● **Requirement**
Find all the lines in the entries below that hold the word "multiples" and copy them.

● **Input data**
text \<open>The element 1/2 of R (2 is assumed invertible).\<close>
definition half :: "'r::comm_ring_1" where
  "half = (THE h. h * 2 = 1)"

text \<open>M = Q \<perp> H(R)^m, with elements (z, a, b) standing for z + sum a_j x_j + sum b_j f_j;
  the index set {1..m} is represented by a finite type 'm, so m = CARD('m) \<ge> 1.
  P = R^m = ('m \<Rightarrow> 'r), and P^* is identified with R^m via the dual basis f_j,
  i.e. b corresponds to the functional y \<mapsto> sum_j b_j y_j.\<close>
type_synonym ('q,'r,'m) Mspace = "'q \<times> ('m \<Rightarrow> 'r) \<times> ('m \<Rightarrow> 'r)"

text \<open>R-linear maps Q to P = R^m (resp. Q to P^*, also R^m in coordinates).\<close>
definition lin_to_free :: "('r::comm_ring_1 \<Rightarrow> 'q::ab_group_add \<Rightarrow> 'q) \<Rightarrow> ('q \<Rightarrow> 'm::finite \<Rightarrow> 'r) \<Rightarrow> bool" where
  "lin_to_free s \<alpha> \<longleftrightarrow> (\<forall>j. lin_functional s (\<lambda>z. \<alpha> z j))"

definition adj_alpha :: "('q::ab_group_add \<Rightarrow> 'r::comm_ring_1) \<Rightarrow> ('q \<Rightarrow> 'm::finite \<Rightarrow> 'r) \<Rightarrow> ('m \<Rightarrow> 'r) \<Rightarrow> 'q" where
  "adj_alpha q \<alpha> g = (THE w. \<forall>z. polar q w z = (\<Sum>j\<in>UNIV. g j * \<alpha> z j))"

definition adj_beta :: "('q::ab_group_add \<Rightarrow> 'r::comm_ring_1) \<Rightarrow> ('q \<Rightarrow> 'm::finite \<Rightarrow> 'r) \<Rightarrow> ('m \<Rightarrow> 'r) \<Rightarrow> 'q" where
  "adj_beta q \<beta> y = (THE w. \<forall>z. polar q w z = (\<Sum>j\<in>UNIV. \<beta> z j * y j))"
lemma switch_map_iterate_inside:
  fixes s t :: "'a::comm_monoid_add"
  assumes "\<And>i. i < k \<Longrightarrow> (switch_map S s t ^^ i) z \<in> S"
  shows "(switch_map S s t ^^ k) z = z + k \<cdot> t"
  using assms
proof (induction k)
  case (Suc k)
  have "(switch_map S s t ^^ Suc k) z = (switch_map S s t ^^ k) z + t"
    using Suc.prems[of k] by (simp add: switch_map_inside)
  also have "\<dots> = z + Suc k \<cdot> t"
    using Suc by (simp add: algebra_simps)
  finally show ?case .
qed simp

lemma switch_map_iterate_outside:
  fixes s t :: "'a::comm_monoid_add"
  assumes "\<And>i. i < k \<Longrightarrow> (switch_map S s t ^^ i) z \<notin> S"
  shows "(switch_map S s t ^^ k) z = z + k \<cdot> s"
  using assms
proof (induction k)
  case (Suc k)
  have "(switch_map S s t ^^ Suc k) z = (switch_map S s t ^^ k) z + s"
    using Suc.prems[of k] by (simp add: switch_map_outside)
  also have "\<dots> = z + Suc k \<cdot> s"
    using Suc by (simp add: algebra_simps)
  finally show ?case .
qed simp

lemma switch_map_arcs_disjoint:
  fixes s t :: "'a::cancel_semigroup_add"
  assumes "s \<noteq> t"
    and "P \<subseteq> range (\<lambda>v. (v, switch_map S s t v))" "Q \<subseteq> range (\<lambda>v. (v, switch_map S t s v))"
  shows "P \<inter> Q = {}"
  using assms by (auto simp: switch_map_def split: if_splits)

lemma ham_path_switch_map:
  assumes "distinct p" "set p = UNIV" "path_arcs p \<subseteq> range (\<lambda>v. (v, switch_map S s t v))"
  shows "ham_path s t p"
  using assms unfolding ham_path_def cay_arcs_def switch_map_def by auto

lemma ham_path_commute: "ham_path b a p = ham_path a b p"
  unfolding ham_path_def cay_arcs_def by (simp add: insert_commute)

definition layer_order :: "'a::ab_group_add \<Rightarrow> 'a \<Rightarrow> nat" where
  "layer_order s t = rel_order (multiples (t - s)) s"

definition layer :: "'a::ab_group_add \<Rightarrow> 'a \<Rightarrow> 'a \<Rightarrow> nat \<Rightarrow> 'a set" where
  "layer s t y j = {v. v - y - j \<cdot> s \<in> multiples (t - s)}"

definition round_shift :: "'a::ab_group_add \<Rightarrow> 'a \<Rightarrow> 'a" where
  "round_shift s t = layer_order s t \<cdot> s + (layer_order s t div 2) \<cdot> (t - s)"

definition class_order :: "'a::ab_group_add \<Rightarrow> 'a \<Rightarrow> nat" where
  "class_order s t = rel_order (multiples (round_shift s t)) (t - s)"

definition exceptional_points :: "'a::ab_group_add \<Rightarrow> 'a \<Rightarrow> 'a \<Rightarrow> 'a set" where
  "exceptional_points s t y = (\<lambda>i. y - i \<cdot> (t - s)) ` {0<..<class_order s t}"

definition switch_set :: "'a::ab_group_add \<Rightarrow> 'a \<Rightarrow> 'a \<Rightarrow> 'a set" where
  "switch_set s t y = (\<Union>j\<in>{1..layer_order s t div 2}. layer s t y j) \<union> exceptional_points s t y"
(* Let $M$ be an object of an abelian category $\mathcal{A}$. Then: (1) $M$ is strongly self-Rickart if and only if $M$ is self-Rickart and ${\rm End}_{\mathcal{A}}(M)$ is an abelian ring. (2) $M$ is dual strongly self-Rickart if and only if $M$ is dual self-Rickart and ${\rm End}_{\mathcal{A}}(M)$ is an abelian ring.
   Context: A ring is abelian if every idempotent element is central. A morphism $f:X\to Y$ is a section if $f'f=1_X$ for some $f'$, a retraction if $ff'=1_Y$ for some $f'$. A monomorphism $k:K\to M$ is fully invariant if for every $h:M\to M$ there is $\alpha:K\to K$ with $hk=k\alpha$; an epimorphism $c:M\to C$ is fully coinvariant if for every $h:M\to M$ there is $\gamma:C\to C$ with $ch=\gamma c$. $M$ is self-Rickart if the kernel of every endomorphism of $M$ is a section; dual self-Rickart if the cokernel of every endomorphism of $M$ is a retraction; strongly self-Rickart if the kernel of every endomorphism of $M$ is a fully invariant section; dual strongly self-Rickart if the cokernel of every endomorphism of $M$ is a fully coinvariant retraction. *)

theory Defs
  imports "HOL-Algebra.Ring"
begin

text \<open>A (small-or-large, carrier-based) category with an additive structure on hom-sets.
  cat_comp g f is the composite g after f.\<close>

record ('o, 'm) cat =
  cat_obj  :: "'o set"
  cat_arr  :: "'m set"
  cat_dom  :: "'m \<Rightarrow> 'o"
  cat_cod  :: "'m \<Rightarrow> 'o"
  cat_id   :: "'o \<Rightarrow> 'm"
  cat_comp :: "'m \<Rightarrow> 'm \<Rightarrow> 'm"
  cat_add  :: "'m \<Rightarrow> 'm \<Rightarrow> 'm"
  cat_neg  :: "'m \<Rightarrow> 'm"
  cat_zero :: "'o \<Rightarrow> 'o \<Rightarrow> 'm"

definition hom :: "('o, 'm) cat \<Rightarrow> 'o \<Rightarrow> 'o \<Rightarrow> 'm set" where
  "hom C a b = {f \<in> cat_arr C. cat_dom C f = a \<and> cat_cod C f = b}"

definition category :: "('o, 'm) cat \<Rightarrow> bool" where
  "category C \<longleftrightarrow>
     (\<forall>f \<in> cat_arr C. cat_dom C f \<in> cat_obj C \<and> cat_cod C f \<in> cat_obj C) \<and>
     (\<forall>a \<in> cat_obj C. cat_id C a \<in> hom C a a) \<and>
     (\<forall>a b c f g. f \<in> hom C a b \<longrightarrow> g \<in> hom C b c \<longrightarrow> cat_comp C g f \<in> hom C a c) \<and>
     (\<forall>a b c d f g h. f \<in> hom C a b \<longrightarrow> g \<in> hom C b c \<longrightarrow> h \<in> hom C c d \<longrightarrow>
        cat_comp C h (cat_comp C g f) = cat_comp C (cat_comp C h g) f) \<and>
     (\<forall>a b f. f \<in> hom C a b \<longrightarrow> cat_comp C f (cat_id C a) = f \<and> cat_comp C (cat_id C b) f = f)"

definition preadditive :: "('o, 'm) cat \<Rightarrow> bool" where
  "preadditive C \<longleftrightarrow> category C \<and>
     (\<forall>a \<in> cat_obj C. \<forall>b \<in> cat_obj C.
        cat_zero C a b \<in> hom C a b \<and>
        (\<forall>f \<in> hom C a b. \<forall>g \<in> hom C a b. cat_add C f g \<in> hom C a b) \<and>
        (\<forall>f \<in> hom C a b. cat_neg C f \<in> hom C a b) \<and>
        (\<forall>f \<in> hom C a b. \<forall>g \<in> hom C a b. \<forall>h \<in> hom C a b.
            cat_add C (cat_add C f g) h = cat_add C f (cat_add C g h)) \<and>
        (\<forall>f \<in> hom C a b. \<forall>g \<in> hom C a b. cat_add C f g = cat_add C g f) \<and>
        (\<forall>f \<in> hom C a b. cat_add C f (cat_zero C a b) = f) \<and>
        (\<forall>f \<in> hom C a b. cat_add C f (cat_neg C f) = cat_zero C a b)) \<and>
     (\<forall>a b c f g h. f \<in> hom C a b \<longrightarrow> g \<in> hom C a b \<longrightarrow> h \<in> hom C b c \<longrightarrow>
        cat_comp C h (cat_add C f g) = cat_add C (cat_comp C h f) (cat_comp C h g)) \<and>
     (\<forall>a b c f g h. f \<in> hom C b c \<longrightarrow> g \<in> hom C b c \<longrightarrow> h \<in> hom C a b \<longrightarrow>
        cat_comp C (cat_add C f g) h = cat_add C (cat_comp C f h) (cat_comp C g h))"

definition zero_object :: "('o, 'm) cat \<Rightarrow> 'o \<Rightarrow> bool" where
  "zero_object C z \<longleftrightarrow> z \<in> cat_obj C \<and>
     (\<forall>a \<in> cat_obj C. (\<exists>!f. f \<in> hom C z a) \<and> (\<exists>!f. f \<in> hom C a z))"

definition has_biproducts :: "('o, 'm) cat \<Rightarrow> bool" where
  "has_biproducts C \<longleftrightarrow>
     (\<forall>a \<in> cat_obj C. \<forall>b \<in> cat_obj C. \<exists>s p1 p2 i1 i2.
        s \<in> cat_obj C \<and> p1 \<in> hom C s a \<and> p2 \<in> hom C s b \<and> i1 \<in> hom C a s \<and> i2 \<in> hom C b s \<and>
        cat_comp C p1 i1 = cat_id C a \<and> cat_comp C p2 i2 = cat_id C b \<and>
        cat_comp C p1 i2 = cat_zero C b a \<and> cat_comp C p2 i1 = cat_zero C a b \<and>
        cat_add C (cat_comp C i1 p1) (cat_comp C i2 p2) = cat_id C s)"

definition additive_category :: "('o, 'm) cat \<Rightarrow> bool" where
  "additive_category C \<longleftrightarrow> preadditive C \<and> (\<exists>z. zero_object C z) \<and> has_biproducts C"

definition mono :: "('o, 'm) cat \<Rightarrow> 'm \<Rightarrow> bool" where
  "mono C f \<longleftrightarrow> f \<in> cat_arr C \<and>
     (\<forall>x g h. g \<in> hom C x (cat_dom C f) \<longrightarrow> h \<in> hom C x (cat_dom C f) \<longrightarrow>
        cat_comp C f g = cat_comp C f h \<longrightarrow> g = h)"

definition epi :: "('o, 'm) cat \<Rightarrow> 'm \<Rightarrow> bool" where
  "epi C f \<longleftrightarrow> f \<in> cat_arr C \<and>
     (\<forall>x g h. g \<in> hom C (cat_cod C f) x \<longrightarrow> h \<in> hom C (cat_cod C f) x \<longrightarrow>
        cat_comp C g f = cat_comp C h f \<longrightarrow> g = h)"

definition is_kernel :: "('o, 'm) cat \<Rightarrow> 'm \<Rightarrow> 'm \<Rightarrow> bool" where
  "is_kernel C f k \<longleftrightarrow> f \<in> cat_arr C \<and> k \<in> cat_arr C \<and>
     cat_cod C k = cat_dom C f \<and>
     cat_comp C f k = cat_zero C (cat_dom C k) (cat_cod C f) \<and>
     (\<forall>x g. g \<in> hom C x (cat_dom C f) \<longrightarrow> cat_comp C f g = cat_zero C x (cat_cod C f) \<longrightarrow>
        (\<exists>!u. u \<in> hom C x (cat_dom C k) \<and> cat_comp C k u = g))"

definition is_cokernel :: "('o, 'm) cat \<Rightarrow> 'm \<Rightarrow> 'm \<Rightarrow> bool" where
  "is_cokernel C f c \<longleftrightarrow> f \<in> cat_arr C \<and> c \<in> cat_arr C \<and>
     cat_dom C c = cat_cod C f \<and>
     cat_comp C c f = cat_zero C (cat_dom C f) (cat_cod C c) \<and>
     (\<forall>x g. g \<in> hom C (cat_cod C f) x \<longrightarrow> cat_comp C g f = cat_zero C (cat_dom C f) x \<longrightarrow>
        (\<exists>!u. u \<in> hom C (cat_cod C c) x \<and> cat_comp C u c = g))"

definition abelian_category :: "('o, 'm) cat \<Rightarrow> bool" where
  "abelian_category C \<longleftrightarrow> additive_category C \<and>
     (\<forall>f \<in> cat_arr C. \<exists>k. is_kernel C f k) \<and>
     (\<forall>f \<in> cat_arr C. \<exists>c. is_cokernel C f c) \<and>
     (\<forall>m. mono C m \<longrightarrow> (\<exists>f. is_kernel C f m)) \<and>
     (\<forall>e. epi C e \<longrightarrow> (\<exists>f. is_cokernel C f e))"

definition "section" :: "('o, 'm) cat \<Rightarrow> 'm \<Rightarrow> bool" where
  "section C f \<longleftrightarrow> f \<in> cat_arr C \<and>
     (\<exists>f'. f' \<in> hom C (cat_cod C f) (cat_dom C f) \<and> cat_comp C f' f = cat_id C (cat_dom C f))"

definition retraction :: "('o, 'm) cat \<Rightarrow> 'm \<Rightarrow> bool" where
  "retraction C f \<longleftrightarrow> f \<in> cat_arr C \<and>
     (\<exists>f'. f' \<in> hom C (cat_cod C f) (cat_dom C f) \<and> cat_comp C f f' = cat_id C (cat_cod C f))"

definition fully_invariant :: "('o, 'm) cat \<Rightarrow> 'm \<Rightarrow> bool" where
  "fully_invariant C k \<longleftrightarrow> mono C k \<and>
     (\<forall>h \<in> hom C (cat_cod C k) (cat_cod C k).
        \<exists>\<alpha> \<in> hom C (cat_dom C k) (cat_dom C k). cat_comp C h k = cat_comp C k \<alpha>)"

definition fully_coinvariant :: "('o, 'm) cat \<Rightarrow> 'm \<Rightarrow> bool" where
  "fully_coinvariant C c \<longleftrightarrow> epi C c \<and>
     (\<forall>h \<in> hom C (cat_dom C c) (cat_dom C c).
        \<exists>\<gamma> \<in> hom C (cat_cod C c) (cat_cod C c). cat_comp C c h = cat_comp C \<gamma> c)"

definition self_rickart :: "('o, 'm) cat \<Rightarrow> 'o \<Rightarrow> bool" where
  "self_rickart C M \<longleftrightarrow>
     (\<forall>h \<in> hom C M M. \<forall>k. is_kernel C h k \<longrightarrow> section C k)"

definition dual_self_rickart :: "('o, 'm) cat \<Rightarrow> 'o \<Rightarrow> bool" where
  "dual_self_rickart C M \<longleftrightarrow>
     (\<forall>h \<in> hom C M M. \<forall>c. is_cokernel C h c \<longrightarrow> retraction C c)"

definition strongly_self_rickart :: "('o, 'm) cat \<Rightarrow> 'o \<Rightarrow> bool" where
  "strongly_self_rickart C M \<longleftrightarrow>
     (\<forall>h \<in> hom C M M. \<forall>k. is_kernel C h k \<longrightarrow> fully_invariant C k \<and> section C k)"

definition dual_strongly_self_rickart :: "('o, 'm) cat \<Rightarrow> 'o \<Rightarrow> bool" where
  "dual_strongly_self_rickart C M \<longleftrightarrow>
     (\<forall>h \<in> hom C M M. \<forall>c. is_cokernel C h c \<longrightarrow> fully_coinvariant C c \<and> retraction C c)"

definition End_ring :: "('o, 'm) cat \<Rightarrow> 'o \<Rightarrow> 'm ring" where
  "End_ring C M = \<lparr>carrier = hom C M M, monoid.mult = cat_comp C, one = cat_id C M,
                    zero = cat_zero C M M, add = cat_add C\<rparr>"

definition abelian_ring :: "('a, 'b) ring_scheme \<Rightarrow> bool" where
  "abelian_ring R \<longleftrightarrow>
     (\<forall>e \<in> carrier R. e \<otimes>\<^bsub>R\<^esub> e = e \<longrightarrow> (\<forall>x \<in> carrier R. e \<otimes>\<^bsub>R\<^esub> x = x \<otimes>\<^bsub>R\<^esub> e))"

end

theory Submission
  imports Defs
begin

text \<open>
  If the kernel k of f is fully invariant, every g with f g = 0 factors through k, and full
  invariance gives f x g = 0 for every x. In a ring with this property idempotents are central:
  (1 - e) e = 0 and e (1 - e) = 0 yield (1 - e) x e = 0 = e x (1 - e), i.e. x e = e x e = e x.
  Conversely, if k is a section with retraction k', then k k' is idempotent, hence central, and
  x k = (k k') x k = k (k' x k) shows that k is fully invariant. Cokernels are treated dually.
\<close>

lemma hom_objs:
  assumes "category C" "f \<in> hom C a b" shows "a \<in> cat_obj C" "b \<in> cat_obj C"
  using assms unfolding category_def hom_def by auto

lemma cat_comp_hom:
  assumes "category C" "f \<in> hom C a b" "g \<in> hom C b c" shows "cat_comp C g f \<in> hom C a c"
  using assms unfolding category_def by blast

lemma cat_comp_assoc:
  assumes "category C" "f \<in> hom C a b" "g \<in> hom C b c" "h \<in> hom C c d"
  shows "cat_comp C h (cat_comp C g f) = cat_comp C (cat_comp C h g) f"
  using assms unfolding category_def by blast

lemma cat_id_hom:
  assumes "category C" "a \<in> cat_obj C" shows "cat_id C a \<in> hom C a a"
  using assms unfolding category_def by blast

lemma cat_id_left:
  assumes "category C" "f \<in> hom C a b" shows "cat_comp C (cat_id C b) f = f"
  using assms unfolding category_def by blast

lemma cat_id_right:
  assumes "category C" "f \<in> hom C a b" shows "cat_comp C f (cat_id C a) = f"
  using assms unfolding category_def by blast

lemma homD: "f \<in> hom C a b \<Longrightarrow> f \<in> cat_arr C \<and> cat_dom C f = a \<and> cat_cod C f = b"
  unfolding hom_def by auto

lemma preadditive_category: "preadditive C \<Longrightarrow> category C"
  unfolding preadditive_def by auto

lemma abelian_category_preadditive: "abelian_category C \<Longrightarrow> preadditive C"
  unfolding abelian_category_def additive_category_def by auto

lemma abelian_category_kernel_exists:
  assumes "abelian_category C" "f \<in> cat_arr C" shows "\<exists>k. is_kernel C f k"
proof -
  have "\<forall>f \<in> cat_arr C. \<exists>k. is_kernel C f k"
    using assms(1) unfolding abelian_category_def by (elim conjE)
  then show ?thesis using assms(2) by blast
qed

lemma abelian_category_cokernel_exists:
  assumes "abelian_category C" "f \<in> cat_arr C" shows "\<exists>c. is_cokernel C f c"
proof -
  have "\<forall>f \<in> cat_arr C. \<exists>c. is_cokernel C f c"
    using assms(1) unfolding abelian_category_def by (elim conjE)
  then show ?thesis using assms(2) by blast
qed
lemma cell_form_reflected_powers:
  "cf ([:b, -1 :] ^ m) ([:b, -1 :] ^ n) =
    integral {a..b} (poly ([:b, -1 :] ^ m * [:b, -1 :] ^ n))
      + real n / (real m + 1) * R ([:b, -1 :] ^ (m + n))"
proof -
  define U where "U = smult (1 / (real m + 1)) ([:b, -1 :] ^ Suc m)"
  have U: "pderiv U = - ([:b, -1 :] ^ m)"
  proof -
    have "(- 1 - real m) / (real m + 1) = - 1"
      by (simp add: divide_eq_minus_1_iff)
    then show ?thesis
      by (simp add: U_def pderiv_smult pderiv_power_Suc pderiv_pCons del: power_Suc)
  qed
  have Ub: "poly U b = 0"
    by (simp add: U_def)
  have U_mult: "pderiv ([:b, -1 :] ^ n) * U = smult (- (real n / (real m + 1))) ([:b, -1 :] ^ (m + n))"
  proof (cases n)
    case (Suc n')
    show ?thesis
      by (intro poly_ext)
        (simp add: Suc U_def pderiv_power_Suc pderiv_pCons field_simps power_add[symmetric]
          del: power_Suc)
  qed simp
  show ?thesis
    unfolding cell_form_eq_integral_minus_Rerr[OF U Ub] U_mult Rerr_poly_smult by simp
qed

lemma exact_if_cell_form_symmetric:
  assumes sym: "\<And>v w. degree v \<le> k \<Longrightarrow> degree w \<le> k \<Longrightarrow> cf v w = cf w v"
    and exact: "exact (k - 1)"
  shows "exact (2 * k - 1)"
proof -
  let ?y = "[:b, -1 :]"
  have deg_y: "degree (?y ^ m) \<le> m" for m
    using degree_power_le[of ?y m] by simp
  have R_y: "R (?y ^ d) = 0" if d: "d \<le> 2 * k - 1" for d
  proof (cases "d = 0")
    case True
    then show ?thesis
      using exactD[OF exact, of 1] by simp
  next
    case False
    \<comment> \<open>symmetry on the pair (y^m, y^n) then gives (n/(m+1) - m/(n+1)) R(y^d) = 0\<close>
    obtain m n where mn: "m + n = d" "m \<noteq> n" "m \<le> k" "n \<le> k"
    proof (cases "d \<le> k")
      case True
      then show ?thesis
        using that[of 0 d] False by simp
    next
      case False
      then show ?thesis
        using that[of "d - k" k] d k_pos by simp
    qed
    have "cf (?y ^ m) (?y ^ n) = cf (?y ^ n) (?y ^ m)"
      using deg_y mn by (intro sym) (auto intro: order_trans)
    then have "(real n / (real m + 1) - real m / (real n + 1)) * R (?y ^ d) = 0"
      unfolding cell_form_reflected_powers using mn(1)
      by (simp add: mult.commute add.commute algebra_simps)
    then show ?thesis
      using divide_Suc_swap_neq[OF mn(2)] by simp
  qed
  show ?thesis
    using R_y by (rule quadrature_exact_if_exact_on_powers)
qed

lemma is_cell_inner_product_iff:
  assumes exact: "exact (k - 1)"
  shows "is_cell_inner_product k s A \<longleftrightarrow>
    exact (2 * k - 1) \<and> 0 < (b - a) / real (2 * k - 1) - Qrule k s A (poly (SL (k + 1) * SL (k - 1)))"
proof -
  have legendre_pos_iff: "0 < cf (SL k) (SL k) \<longleftrightarrow>
      0 < (b - a) / real (2 * k - 1) - Qrule k s A (poly (SL (k + 1) * SL (k - 1)))"
    if "exact (2 * k - 1)"
    using k_pos by (simp add: cell_form_shifted_legendre[OF that] zero_less_divide_iff
        pos_less_divide_eq algebra_simps)
  show ?thesis
  proof
    assume ip: "is_cell_inner_product k s A"
    then have "exact (2 * k - 1)"
      using exact by (intro exact_if_cell_form_symmetric) (auto simp: is_cell_inner_product_def)
    moreover have "0 < cf (SL k) (SL k)"
      using ip shifted_legendre_nonzero[of k] by (simp add: is_cell_inner_product_def)
    ultimately show "exact (2 * k - 1) \<and>
        0 < (b - a) / real (2 * k - 1) - Qrule k s A (poly (SL (k + 1) * SL (k - 1)))"
      using legendre_pos_iff by blast
  next
    assume "exact (2 * k - 1) \<and>
        0 < (b - a) / real (2 * k - 1) - Qrule k s A (poly (SL (k + 1) * SL (k - 1)))"
    then show "is_cell_inner_product k s A"
      using legendre_pos_iff cell_form_symmetric cell_form_pos
      unfolding is_cell_inner_product_def by blast
  qed
qed

end

section \<open>The form on the whole mesh\<close>

lemma bform_single_cell:
  assumes "i < N"
  shows "bform N k s A (\<lambda>j. if j = i then p else 0) (\<lambda>j. if j = i then q else 0) =
    cell_form k (s i) (A i) p q"
  using assms
  by (simp add: bform_eq_sum_cell_form if_distrib[of "\<lambda>v. cell_form k _ _ v _"] cong: if_cong)

lemma is_cell_inner_product_if_is_inner_product_bform:
  assumes ip: "is_inner_product (Vk N k) (bform N k s A)" and i: "i < N"
  shows "is_cell_inner_product k (s i) (A i)"
proof -
  let ?e = "\<lambda>p j. if j = i then p else (0 :: real poly)"
  have e_Vk: "degree p \<le> k \<Longrightarrow> ?e p \<in> Vk N k" for p
    using i by (simp add: Vk_def)
  have e_nonzero: "p \<noteq> 0 \<Longrightarrow> ?e p \<noteq> (\<lambda>j. 0)" for p
    by (metis (mono_tags))
  show ?thesis
    unfolding is_cell_inner_product_def
  proof (intro conjI allI impI)
    fix v w :: "real poly"
    assume "degree v \<le> k" "degree w \<le> k"
    then show "cell_form k (s i) (A i) v w = cell_form k (s i) (A i) w v"
      using ip e_Vk unfolding is_inner_product_def bform_single_cell[OF i, symmetric] by blast
  next
    fix v :: "real poly"
    assume "degree v \<le> k" "v \<noteq> 0"
    then show "0 < cell_form k (s i) (A i) v v"
      using ip e_Vk e_nonzero unfolding is_inner_product_def bform_single_cell[OF i, symmetric]
      by blast
  qed
qed

lemma is_inner_product_bform_if_cells:
  assumes cells: "\<forall>i<N. is_cell_inner_product k (s i) (A i)"
  shows "is_inner_product (Vk N k) (bform N k s A)"
  unfolding is_inner_product_def
proof (intro conjI ballI allI impI)
  fix u v w :: "nat \<Rightarrow> real poly" and c :: real
  show "bform N k s A (\<lambda>i. smult c (u i) + v i) w = c * bform N k s A u w + bform N k s A v w"
    "bform N k s A w (\<lambda>i. smult c (u i) + v i) = c * bform N k s A w u + bform N k s A w v"
    by (simp_all add: bform_eq_sum_cell_form cell_form_add_smult_left cell_form_add_smult_right
        sum.distrib sum_distrib_left)
next
  fix v w
  assume "v \<in> Vk N k" "w \<in> Vk N k"
  then show "bform N k s A v w = bform N k s A w v"
    using cells unfolding bform_eq_sum_cell_form is_cell_inner_product_def Vk_def
    by (intro sum.cong) auto
next
  fix v
  assume v: "v \<in> Vk N k" and "v \<noteq> (\<lambda>i. 0)"
  then obtain i where vi: "v i \<noteq> 0"
    by auto
  then have i: "i < N"
    using v by (auto simp: Vk_def not_less[symmetric])
  have pos: "0 < cell_form k (s j) (A j) (v j) (v j)" if "j < N" "v j \<noteq> 0" for j
    using cells v that by (auto simp: is_cell_inner_product_def Vk_def)
  have "0 \<le> cell_form k (s j) (A j) (v j) (v j)" if "j < N" for j
    using pos[OF that] by (cases "v j = 0") auto
  then show "0 < bform N k s A v v"
    unfolding bform_eq_sum_cell_form using pos[OF i vi] i by (intro sum_pos2[of "{..<N}" i]) auto
qed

● **The completed task**
  "layer_order s t = rel_order (multiples (t - s)) s"
  "layer s t y j = {v. v - y - j \<cdot> s \<in> multiples (t - s)}"
  "class_order s t = rel_order (multiples (round_shift s t)) (t - s)"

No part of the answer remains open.